Your assignment: Your task is to return the span of lines beginning at the one with "u = (THE v." and ending at the last line of the data, exactly as it stands.

..........

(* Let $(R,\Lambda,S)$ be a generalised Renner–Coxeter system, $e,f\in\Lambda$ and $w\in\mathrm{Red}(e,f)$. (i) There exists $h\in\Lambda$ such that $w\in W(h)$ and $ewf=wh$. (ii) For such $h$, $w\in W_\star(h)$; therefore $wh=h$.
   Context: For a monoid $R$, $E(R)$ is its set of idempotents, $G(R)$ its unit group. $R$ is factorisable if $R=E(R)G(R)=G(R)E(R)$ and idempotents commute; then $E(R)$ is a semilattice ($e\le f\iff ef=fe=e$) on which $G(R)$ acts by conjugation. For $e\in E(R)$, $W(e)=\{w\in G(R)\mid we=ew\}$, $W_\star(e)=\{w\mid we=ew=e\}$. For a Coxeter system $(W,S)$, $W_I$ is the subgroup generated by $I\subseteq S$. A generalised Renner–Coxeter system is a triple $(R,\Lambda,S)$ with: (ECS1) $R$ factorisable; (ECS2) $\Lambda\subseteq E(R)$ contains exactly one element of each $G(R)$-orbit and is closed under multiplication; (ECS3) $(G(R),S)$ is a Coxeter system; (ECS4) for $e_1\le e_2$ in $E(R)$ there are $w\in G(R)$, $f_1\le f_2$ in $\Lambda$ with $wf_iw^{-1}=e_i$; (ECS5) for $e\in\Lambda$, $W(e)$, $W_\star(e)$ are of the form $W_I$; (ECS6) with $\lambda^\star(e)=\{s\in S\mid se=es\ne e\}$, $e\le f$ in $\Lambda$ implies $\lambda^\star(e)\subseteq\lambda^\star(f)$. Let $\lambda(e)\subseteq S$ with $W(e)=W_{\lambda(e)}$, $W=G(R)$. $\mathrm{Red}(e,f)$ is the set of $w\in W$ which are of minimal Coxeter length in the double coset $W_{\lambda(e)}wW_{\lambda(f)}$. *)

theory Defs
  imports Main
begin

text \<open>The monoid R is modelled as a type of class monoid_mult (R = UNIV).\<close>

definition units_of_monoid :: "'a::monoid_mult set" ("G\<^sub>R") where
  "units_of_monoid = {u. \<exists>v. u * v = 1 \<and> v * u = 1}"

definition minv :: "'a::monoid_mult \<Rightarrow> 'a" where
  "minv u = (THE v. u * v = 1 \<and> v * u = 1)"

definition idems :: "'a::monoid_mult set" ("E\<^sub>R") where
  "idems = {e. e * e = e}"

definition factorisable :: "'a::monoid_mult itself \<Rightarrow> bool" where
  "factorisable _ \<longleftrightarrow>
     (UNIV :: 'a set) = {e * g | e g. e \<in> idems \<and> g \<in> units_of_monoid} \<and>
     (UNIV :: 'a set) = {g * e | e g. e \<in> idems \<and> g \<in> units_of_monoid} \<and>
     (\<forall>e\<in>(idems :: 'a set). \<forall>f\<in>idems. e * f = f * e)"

..........

Solution:
  "minv u = (THE v. u * v = 1 \<and> v * u = 1)"

definition idems :: "'a::monoid_mult set" ("E\<^sub>R") where
  "idems = {e. e * e = e}"

definition factorisable :: "'a::monoid_mult itself \<Rightarrow> bool" where
  "factorisable _ \<longleftrightarrow>
     (UNIV :: 'a set) = {e * g | e g. e \<in> idems \<and> g \<in> units_of_monoid} \<and>
     (UNIV :: 'a set) = {g * e | e g. e \<in> idems \<and> g \<in> units_of_monoid} \<and>
     (\<forall>e\<in>(idems :: 'a set). \<forall>f\<in>idems. e * f = f * e)"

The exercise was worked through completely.